Su expresión más alarmante es la existencia de más de cien víctimas de prisión política mapuches en las cárceles de Chile, según Radio Kurruf, cifra que evidencia un incremento sostenido desde la posdictadura y que se profundizó durante el gobierno de Boric.
La impunidad completa este cuadro. Con ella me refiero no sólo a la penal, sino también a la política y la estructural, que se manifiesta en investigaciones lentas, diligencias omitidas, encubrimientos tácitos, ausencia de sanción para civiles armados, empresarios y redes patronales que se benefician del despojo. El caso de Julia Chuñil nos atraviesa porque en él todas estas aristas operan de manera simultánea y a la vista pública.
Militarización, criminalización e impunidad no son fenómenos aislados ni coyunturales. Son engranajes de una misma estrategia de control territorial que se despliega desde el Estado para proteger los intereses del capital colonial extractivo. Una forma de contrainsurgencia —territorial, jurídica y mediática— y de acumulación militarizada que busca neutralizar la defensa del territorio y las formas de vida que el pueblo mapuche sostiene y resiste.
Mirar el presente, más allá de las elecciones
Tener claridad sobre las continuidades coloniales permite comprender que el consenso neoliberal del que nos habla Alondra Carrillo es, en realidad, inseparable de un consenso colonial: un acuerdo tácito que, gobierno tras gobierno, normaliza la violencia contra vidas mapuche y habilita su criminalización, silenciamiento e impunidad.
El caso Chuñil nos confronta con esa verdad incómoda. Nos recuerda que, incluso en medio de la ofensiva reaccionaria y del cierre de los horizontes que abrió la Revuelta, la resistencia mapuche sigue allí, persiste, anclada en una memoria larga de defensa territorial frente a proyectos coloniales que se renuevan, pero nunca desaparecen.
Frente al avance de la ultraderecha —y al reacomodo de las élites que buscan blindar el orden neoliberal— asumir la lucha mapuche como referente político no es un gesto simbólico, sino una orientación para el presente. Allí se encarna una práctica que no cede ante la violencia estatal, que teje entramados comunitarios en medio de la militarización y el extractivismo.

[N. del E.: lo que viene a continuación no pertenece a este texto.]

lemma summable_qw_term:
  assumes "0 < q" "q < 1" "0 < t"
  shows "summable (qw_term q t)"
proof (rule summable_comparison_test'[where N = 0])
  define c where "c = inverse q - q"
  define K where "K = 1 / sqrt (2 * pi * \<bar>ln q\<bar>)"
  have "0 < c"
    using inverse_minus_self_pos[OF assms(1,2)] by (simp add: c_def)
  have "0 < q\<^sup>2" "q\<^sup>2 < 1"
    using assms by (simp_all add: power_less_one_iff)
  then show "summable (\<lambda>j. K / (t * c) * (q\<^sup>2) ^ j)"
    by (intro summable_mult summable_geometric) simp
  fix j
  define x where "x = t * (c / q ^ (2 * j))"
  have "0 < x"
    using assms \<open>0 < c\<close> by (simp add: x_def)
  have "x * qg q x \<le> K"
    using mult_qg_le[OF assms(1,2) \<open>0 < x\<close>] unfolding K_def .
  then have "qg q x \<le> K / x"
    using \<open>0 < x\<close> by (simp add: pos_le_divide_eq mult.commute)
  also have "\<dots> = K / (t * c) * (q\<^sup>2) ^ j"
    using assms by (simp add: x_def power_mult)
  finally have "qg q x \<le> K / (t * c) * (q\<^sup>2) ^ j" .
  moreover have "0 \<le> euler_series (q\<^sup>2) ((q\<^sup>2) ^ Suc j)"
    "euler_series (q\<^sup>2) ((q\<^sup>2) ^ Suc j) \<le> 1"
    using euler_series_power_nonneg euler_series_power_le_1 \<open>0 < q\<^sup>2\<close> \<open>q\<^sup>2 < 1\<close>
    by blast+
  ultimately show "norm (qw_term q t j) \<le> K / (t * c) * (q\<^sup>2) ^ j"
    using qg_pos[OF assms(1,2), of x]
    unfolding qw_term_eq[OF assms(1,2)] c_def[symmetric] x_def[symmetric]
    by (simp add: abs_mult) (meson less_imp_le mult_left_le_one_le order_trans)
qed

lemma qw_term_moment:
  assumes "0 < q" "q < 1"
  shows "((\<lambda>t. t ^ n * qw_term q t j) has_integral
           inverse q ^ (n * (n + 1) div 2) / (inverse q - q) ^ (n + 1)
           * (((q\<^sup>2) ^ Suc n) ^ j * euler_series (q\<^sup>2) ((q\<^sup>2) ^ Suc j))) {0<..}"
proof -
  define c where "c = inverse q - q"
  define E where "E = euler_series (q\<^sup>2) ((q\<^sup>2) ^ Suc j)"
  have "0 < c"
    using inverse_minus_self_pos[OF assms] by (simp add: c_def)
  then have "0 < c / q ^ (2 * j)"
    using assms by simp
  from has_integral_mult_right[OF qg_moment[OF assms this, of n], of E]
  have moment: "((\<lambda>t. t ^ n * qw_term q t j) has_integral
          E * (inverse q ^ (n * (n + 1) div 2) * inverse (c / q ^ (2 * j)) ^ (n + 1))) {0<..}"
    by (simp add: qw_term_eq[OF assms] E_def c_def algebra_simps)
  have "(q ^ (2 * j)) ^ (n + 1) = ((q\<^sup>2) ^ Suc n) ^ j"
    by (simp only: power_mult[symmetric]) (simp add: ac_simps)
  then have rhs_eq: "E * (inverse q ^ (n * (n + 1) div 2) * inverse (c / q ^ (2 * j)) ^ (n + 1))
      = inverse q ^ (n * (n + 1) div 2) / c ^ (n + 1) * (((q\<^sup>2) ^ Suc n) ^ j * E)"
    by (simp add: power_divide)
  from moment[unfolded rhs_eq] show ?thesis
    unfolding E_def c_def .
qed
theorem proposition2:
  fixes M :: "'a measure" and N :: nat and \<eta> :: real
    and adj :: "nat \<Rightarrow> nat \<Rightarrow> nat \<Rightarrow> 'a \<Rightarrow> bool"
    and \<xi> :: "nat \<Rightarrow> nat \<Rightarrow> 'a \<Rightarrow> real"
    and x0 :: "'a \<Rightarrow> nat \<Rightarrow> real"
  assumes "prob_space M"
    and "N \<ge> 2" and "\<eta> > 0"
    and adj_sym: "\<forall>k i j. \<forall>\<omega>\<in>space M. adj k i j \<omega> = adj k j i \<omega>"
    and edges: "\<forall>k i j. 1 \<le> i \<longrightarrow> i < j \<longrightarrow> j \<le> N \<longrightarrow>
                  prob_space.prob M {\<omega> \<in> space M. adj k i j \<omega>} = 1 / 2"
    and noise: "\<forall>i k. 1 \<le> i \<longrightarrow> i \<le> N \<longrightarrow>
                  distr M lborel (\<xi> i k) = uniform_measure lborel {-\<eta>..\<eta>}"
    and indep: "prob_space.indep_vars M (\<lambda>_. borel) (basic_family adj \<xi>) (basic_index N)"
    and x0_vals: "\<forall>\<omega>\<in>space M. \<forall>i\<in>{1..N}. x0 \<omega> i \<in> {1, -1}"
    and x0_indep: "indep_rv M
                  (Pi\<^sub>M {1..N} (\<lambda>_. borel)) (\<lambda>\<omega>. restrict (x0 \<omega>) {1..N})
                  (Pi\<^sub>M (basic_index N) (\<lambda>_. borel))
                  (\<lambda>\<omega>. \<lambda>j\<in>basic_index N. basic_family adj \<xi> j \<omega>)"
  shows "(\<eta> \<le> 1 \<longrightarrow>
            (AE \<omega> in M. \<exists>c\<in>{1, -1::real}. \<exists>K. \<forall>k\<ge>K. \<forall>i\<in>{1..N}.
                state N adj \<xi> x0 k \<omega> i = c))
       \<and> (\<eta> > 1 \<longrightarrow>
            (\<forall>k. integral\<^sup>L M (state_sum N adj \<xi> x0 k)
                   = \<eta> powi (- int k) * integral\<^sup>L M (state_sum N adj \<xi> x0 0))
          \<and> (\<lambda>k. integral\<^sup>L M (state_sum N adj \<xi> x0 k)) \<longlonglongrightarrow> 0)"
proof -
  interpret erdos_sign_dynamics M N \<eta> adj \<xi> x0
    using assms unfolding erdos_sign_dynamics_def erdos_sign_dynamics_axioms_def by auto
  show ?thesis
    using eventual_agreement expected_state_sum_geometric expected_state_sum_tendsto_zero by blast
qed

end
lemma snis_asym_var_eq_snis_factor:
  assumes n: "n \<ge> 1" and pos: "scaled_moment 1 0 n > 0"
  shows "snis_asym_var (post pi0 \<Phi> n) (prior pi0) f = real n powr (real DIM('a) / 2 - 1) * snis_factor n"
proof -
  define u where "u = sqrt (real n)"
  have u: "u > 0"
    using n by (simp add: u_def)
  have powr_eq: "real n powr (real DIM('a) / 2 - 1) = u ^ DIM('a) / u\<^sup>2"
    using n sqrt_power_eq_powr[of "real n" "DIM('a)"] by (simp add: u_def powr_diff)
  have M1: "moment n j = scaled_moment 1 j n / u ^ (DIM('a) + j)" for j
    using moment_eq_scaled_moment[OF n, of 1 j] by (simp add: u_def)
  have M2: "moment (2 * n) j = scaled_moment 2 j n / u ^ (DIM('a) + j)" for j
    using moment_eq_scaled_moment[OF n, of 2 j] by (simp add: u_def)
  have pos0: "moment n 0 > 0"
    using pos u by (simp add: M1)
  show ?thesis
    unfolding snis_asym_var_post[OF n pos0] M1 M2 powr_eq snis_factor_def
    using u pos by (simp add: field_simps power_add power2_eq_square)
qed

lemma var_meas_eq_var_factor:
  assumes n: "n \<ge> 1" and pos: "scaled_moment 1 0 n > 0"
  shows "var_meas (post pi0 \<Phi> n) f = var_factor n / real n"
proof -
  define u where "u = sqrt (real n)"
  have u: "u > 0" "real n = u\<^sup>2"
    using n by (auto simp: u_def)
  have M1: "moment n j = scaled_moment 1 j n / u ^ (DIM('a) + j)" for j
    using moment_eq_scaled_moment[OF n, of 1 j] by (simp add: u_def)
  have pos0: "moment n 0 > 0"
    using pos u by (simp add: M1)
  show ?thesis
    unfolding var_meas_post[OF n pos0] M1 var_factor_def u(2)
    using u pos by (simp add: field_simps power_add power2_eq_square)
qed

lemma snis_factor_tendsto: "snis_factor \<longlonglongrightarrow> gauss_moment 2 2 / (gauss_moment 1 0)\<^sup>2"
proof -
  have "snis_factor \<longlonglongrightarrow> (gauss_moment 2 2 - 2 * (gauss_moment 1 1 / gauss_moment 1 0) * gauss_moment 2 1
      + (gauss_moment 1 1 / gauss_moment 1 0)\<^sup>2 * gauss_moment 2 0) / (gauss_moment 1 0)\<^sup>2"
    unfolding snis_factor_def[abs_def] scaled_moment_def[abs_def]
    using gauss_moment_0_pos[of 1]
    by (intro tendsto_intros laplace_asymptotics) auto
  then show ?thesis
    by (simp add: gauss_moment_odd gauss_moment_odd[unfolded One_nat_def])
qed

lemma var_factor_tendsto: "var_factor \<longlonglongrightarrow> gauss_moment 1 2 / gauss_moment 1 0"
proof -
  have "var_factor \<longlonglongrightarrow> gauss_moment 1 2 / gauss_moment 1 0 - (gauss_moment 1 1 / gauss_moment 1 0)\<^sup>2"
    unfolding var_factor_def[abs_def] scaled_moment_def[abs_def]
    using gauss_moment_0_pos[of 1]
    by (intro tendsto_intros laplace_asymptotics) auto
  then show ?thesis
    by (simp add: gauss_moment_odd gauss_moment_odd[unfolded One_nat_def])
qed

Por eso, el nombre de Julia Chuñil no solo interpela al Estado. Su memoria se vuelve fuerza viva que nutre las luchas que vendrán, en un escenario que, bajo el gobierno de Kast, promete condiciones aún más duras. Su nombre ilumina un horizonte de dignidad, autonomía y defensa territorial. Tal vez sea ese —precisamente ese— el faro más urgente para atravesar los tiempos oscuros que se avecinan.